Page 30 of No Safe Place

“Is it that obvious, Daisy?” I said, grinning back.

“I figured with that nervous look on your face, it’s either that or you’re applying for a job. Corona to start as usual?”

“Yes, please, Daisy, and when the lady gets here, please make sure you keep them coming. You know, for my nerves,” I said.

The bar she walked off toward was a big, elaborate, darkly varnished horseshoe-shaped affair with all the booze bottles on an island in the middle of it. The bartender behind it, who was also the owner of The Forge, was a tall, lanky, middle-aged man named Scotty.

Scotty had the look of an aging hippie with his long gray hair and wore aviator-style eyeglasses along with a defeated expression of a guy who seemed suspicious that maybe life had passed him by. In front of him sat about a half a dozen regular Joe six-packs staring up at a big flat screen on the back wall where a hockey pregame for the Carolina Hurricanes versus the Pittsburgh Penguins was underway.

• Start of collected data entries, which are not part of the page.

lemma symmetric_matrix_min_eigenpair:
  fixes A :: "real^'n^'n"
  assumes A: "symmetric_matrix A"
  shows "\<exists>\<mu> v. v \<noteq> 0 \<and> A *v v = \<mu> *\<^sub>R v \<and> (\<forall>x. \<mu> * (x \<bullet> x) \<le> x \<bullet> (A *v x))"
proof -
  let ?q = "\<lambda>x. x \<bullet> (A *v x)"
  have "continuous_on (sphere 0 1) ?q"
    by (intro continuous_intros linear_continuous_on bounded_linear_intros)
  moreover have "axis undefined 1 \<in> sphere (0::real^'n) 1"
    by (simp add: norm_axis_1)
  ultimately obtain v where v: "v \<in> sphere 0 1" and v_min: "\<And>y. y \<in> sphere 0 1 \<Longrightarrow> ?q v \<le> ?q y"
    using continuous_attains_inf[OF compact_sphere] by blast
  have q_lower: "?q v * (x \<bullet> x) \<le> ?q x" for x
  proof (cases "x = 0")
    case False
    then have "?q v \<le> ?q (x /\<^sub>R norm x)"
      by (intro v_min) simp
    also have "\<dots> = ?q x / (x \<bullet> x)"
      by (simp add: matrix_vector_mult_scaleR dot_square_norm power2_eq_square divide_simps)
    finally show ?thesis
      using False by (simp add: divide_simps)
  qed simp
  have "v \<bullet> v = 1"
    using v by (simp add: dot_square_norm)
  then have "A *v v = ?q v *\<^sub>R v"
    using q_lower by (rule quadratic_form_minimizer_eigenvector[OF A])
  moreover have "v \<noteq> 0"
    using v by auto
  ultimately show ?thesis
    using q_lower by blast
qed

lemma symmetric_matrix_eigenvectors_orthogonal:
  assumes A: "symmetric_matrix A" and "A *v v = a *\<^sub>R v" "A *v w = b *\<^sub>R w" "a \<noteq> b"
  shows "v \<bullet> w = 0"
proof -
  have "a * (v \<bullet> w) = (A *v v) \<bullet> w"
    using assms by simp
  also have "\<dots> = v \<bullet> (A *v w)"
    by (rule symmetric_matrix_inner_commute[OF A])
  also have "\<dots> = b * (v \<bullet> w)"
    using assms by simp
  finally show ?thesis
    using \<open>a \<noteq> b\<close> by simp
qed

lemma finite_eigenvalues_symmetric_matrix:
  fixes A :: "real^'n^'n"
  assumes A: "symmetric_matrix A"
  shows "finite {\<mu>. is_eigenvalue A \<mu>}"
proof -
  let ?E = "{\<mu>. is_eigenvalue A \<mu>}"
  define ev where "ev \<mu> = (SOME v. v \<noteq> 0 \<and> A *v v = \<mu> *\<^sub>R v)" for \<mu>
  have ev: "ev \<mu> \<noteq> 0" "A *v ev \<mu> = \<mu> *\<^sub>R ev \<mu>" if "\<mu> \<in> ?E" for \<mu>
    using someI_ex[of "\<lambda>v. v \<noteq> 0 \<and> A *v v = \<mu> *\<^sub>R v"] that
    by (auto simp: ev_def is_eigenvalue_def)
  have "inj_on ev ?E"
    by (rule inj_onI) (metis ev scaleR_cancel_right)
  moreover have "pairwise orthogonal (ev ` ?E)"
    unfolding pairwise_def orthogonal_def
    by (metis ev(2) image_iff symmetric_matrix_eigenvectors_orthogonal[OF A])
  then have "independent (ev ` ?E)"
    by (rule pairwise_orthogonal_independent) (use ev in auto)
  then have "finite (ev ` ?E)"
    using independent_bound by blast
  ultimately show ?thesis
    using finite_imageD by blast
qed

lemma le_lambda_min_iff:
  fixes A :: "real^'n^'n"
  assumes A: "symmetric_matrix A"
  shows "c \<le> lambda_min A \<longleftrightarrow> (\<forall>x. c * (x \<bullet> x) \<le> x \<bullet> (A *v x))"
proof -
  from symmetric_matrix_min_eigenpair[OF A] obtain \<mu> v
    where v: "v \<noteq> 0" "A *v v = \<mu> *\<^sub>R v" and "\<forall>x. \<mu> * (x \<bullet> x) \<le> x \<bullet> (A *v x)"
    by blast
  then have \<mu>_min: "\<mu> * (x \<bullet> x) \<le> x \<bullet> (A *v x)" for x
    by blast
  have "\<mu> \<le> \<nu>" if \<nu>: "is_eigenvalue A \<nu>" for \<nu>
  proof -
    obtain w where w: "w \<noteq> 0" "A *v w = \<nu> *\<^sub>R w"
      using \<nu> unfolding is_eigenvalue_def by blast
    then have "\<mu> * (w \<bullet> w) \<le> \<nu> * (w \<bullet> w)"
      using \<mu>_min[of w] by simp
    then show ?thesis
      using w by simp
  qed
  moreover have "is_eigenvalue A \<mu>"
    using v unfolding is_eigenvalue_def by blast
  ultimately have "lambda_min A = \<mu>"
    unfolding lambda_min_def using finite_eigenvalues_symmetric_matrix[OF A] by (intro Min_eqI) auto
  moreover have "(\<forall>x. c * (x \<bullet> x) \<le> x \<bullet> (A *v x)) \<longleftrightarrow> c \<le> \<mu>"
  proof
    assume "\<forall>x. c * (x \<bullet> x) \<le> x \<bullet> (A *v x)"
    then have "c * (v \<bullet> v) \<le> v \<bullet> (A *v v)"
      by blast
    then have "c * (v \<bullet> v) \<le> \<mu> * (v \<bullet> v)"
      using v by simp
    then show "c \<le> \<mu>"
      using v by simp
  next
    assume "c \<le> \<mu>"
    then have "c * (x \<bullet> x) \<le> \<mu> * (x \<bullet> x)" for x
      by (simp add: mult_right_mono)
    then show "\<forall>x. c * (x \<bullet> x) \<le> x \<bullet> (A *v x)"
      using \<mu>_min by (meson order.trans)
  qed
  ultimately show ?thesis
    by simp
qed

lemma sigma_min_norm_lower:
  fixes L :: "real^'n^'n"
  assumes s: "0 \<le> s" "s \<le> sigma_min L"
  shows "s * norm x \<le> norm (L *v x)"
proof (cases "s = 0")
  case False
  let ?G = "transpose L ** L"
  have sym: "symmetric_matrix ?G"
    by (simp add: symmetric_matrix_def matrix_transpose_mul)
  have "0 < s" "s \<le> sqrt (lambda_min ?G)"
    using s False by (simp_all add: sigma_min_def)
  then have "s\<^sup>2 \<le> lambda_min ?G"
    by (metis less_le_trans power_mono real_sqrt_gt_0_iff less_imp_le real_sqrt_pow2)
  then have "s\<^sup>2 * (x \<bullet> x) \<le> x \<bullet> (?G *v x)"
    by (simp add: le_lambda_min_iff[OF sym])
  also have "\<dots> = x \<bullet> (transpose L *v (L *v x))"
    by (simp only: matrix_vector_mul_assoc)
  also have "\<dots> = (L *v x) \<bullet> (L *v x)"
    by (rule inner_matrix_vector_transpose[symmetric])
  finally have "(s * norm x)\<^sup>2 \<le> (norm (L *v x))\<^sup>2"
    by (simp add: power_mult_distrib dot_square_norm)
  then show ?thesis
    by (rule power2_le_imp_le) simp
qed simp

lemma quadratic_lower_imp_norm_lower:
  fixes H :: "real^'n^'n"
  assumes "\<And>x. m * (x \<bullet> x) \<le> x \<bullet> (H *v x)"
  shows "m * norm x \<le> norm (H *v x)"
proof (cases "x = 0")
  case False
  have "norm x * (m * norm x) \<le> norm x * norm (H *v x)"
    using assms[of x] norm_cauchy_schwarz[of x "H *v x"]
    by (simp add: dot_square_norm power2_eq_square algebra_simps)
  then show ?thesis
    using False by simp
qed simp

lemma norm_lower_imp_invertible:
  fixes H :: "real^'n^'n"
  assumes m: "0 < m" and lower: "\<And>x. m * norm x \<le> norm (H *v x)"
  shows "invertible H"
proof -
  have "inj ((*v) H)"
  proof (rule injI)
    fix x y
    assume "H *v x = H *v y"
    then have "m * norm (x - y) \<le> 0"
      using lower[of "x - y"] by (simp add: matrix_vector_mult_diff_distrib)
    then show "x = y"
      using m by (simp add: mult_le_0_iff)
  qed
  then show ?thesis
    using matrix_left_invertible_injective invertible_left_inverse by blast
qed

lemma matrix_inv_right:
  fixes H :: "real^'n^'n"
  assumes "invertible H"
  shows "H ** matrix_inv H = mat 1"
  using someI_ex[OF assms[unfolded invertible_def]] by (simp add: matrix_inv_def)

lemma norm_lower_imp_op_norm_matrix_inv_le:
  fixes H :: "real^'n^'n"
  assumes m: "0 < m" and lower: "\<And>x. m * norm x \<le> norm (H *v x)"
  shows "op_norm (matrix_inv H) \<le> 1 / m"
  unfolding op_norm_def
proof (rule onorm_le)
  fix y
  have "H *v (matrix_inv H *v y) = y"
    using matrix_inv_right[OF norm_lower_imp_invertible[OF assms]]
    by (simp add: matrix_vector_mul_assoc)
  then have "m * norm (matrix_inv H *v y) \<le> norm y"
    using lower[of "matrix_inv H *v y"] by simp
  then show "norm (matrix_inv H *v y) \<le> 1 / m * norm y"
    using m by (simp add: field_simps)
qed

As my eyes drifted into the restaurant’s dining room, I saw at its biggest table there were a half dozen rough-and-tumble guys laughing and carrying on. I’d seen this group three or four times before. Daisy had told me they were construction workers who were staying in town for the last month, refurbishing the bridge as well as retrofitting a huge modern hydroelectric generator into one of the old Beckford Tool Factory’s brick mills beside it.

“What’s up with the dinner party with the rowdies?” I said when Daisy came back with my beer.

“I think one of them is leaving or something so they’re having a going-away party.”

“Are they done with the project?” I said.

“Getting close it seems,” Daisy said, “which is making Scotty more depressed than usual. With the way these roughnecks drink, he was thinking of retiring to Palm Beach.”

As the men continued to laugh and make fun of each other, I found myself smiling over at their masculine chop-busting merriment. Like most former cops and soldiers, having spent most of my life working with other men in tight-knit units, one thing I really did miss in my retirement was the goofing around and camaraderie.

With nothing else to do as I sipped my beer, I found myself imagining that the men at the table and I were all in the same SEAL unit together and I decided to come up with call signs for them.

The one with the most serious face on him who was probably the foreman was a wiry medium-sized man of about fifty with short spiky red hair and a reddish mustache. That was Sonic.

Next to him was a thin, long-faced sort of poetic-looking Hispanic guy with a goatee who was maybe thirty. I noticed he favored plaid shirts so he was Plaid Don Juan.

The oldest of them was a stocky white guy in his midfifties with a buzz cut and glasses and a graying beard. He always sat there with his arms folded, drinking beer and laughing softly at everything. He seemed to exude more intelligence and competence than Sonic so maybe he was an engineer or something? I dubbed him Papa Bear.

The bald thirtyish guy in a neon orange hoodie next to him looked like he worked out a lot and had a loudmouth New York street accent. I dubbed him Brooklyn.

And last but not least was a lanky and gangly, scruffy blue-eyed pothead sort of guy of thirty or so with longish brown hair. He was Shaggy, of course.

The farewell dinner must have been going on for quite a bit because the gang seemed even drunker than the last time I’d seen them. Which was saying something.

I took another hit of my own cerveza mas fina then decided to check my watch again.

It was 8:15 now, I saw with a frown.

Colleen was running a little late.

Or had she fallen asleep or something?

That would suck, I thought. Really suck. If she was asleep then that would be it. Tomorrow obviously she would be done with her work up here and be gone.

I looked at my watch again.

Was my bucket list going to go wanting after all?

27

A Mormon temple flashed by outside the window. And then a driving range. A red light ahead made Colleen pause, but then it went green and she hammered it alongside a cornfield, picking up the pace back toward the center of Beckford.

They were in Jodi’s car now, a new Mercedes-AMG C 43 sedan. It was Colleen’s idea to do the quick switch back at the hotel parking lot as Travers was no doubt putting an APB out on her rental.

Jodi was a nervous wreck so she had insisted that Colleen drive.

She wasn’t the only one, Colleen thought as she took the nimble silver Merc up to seventy.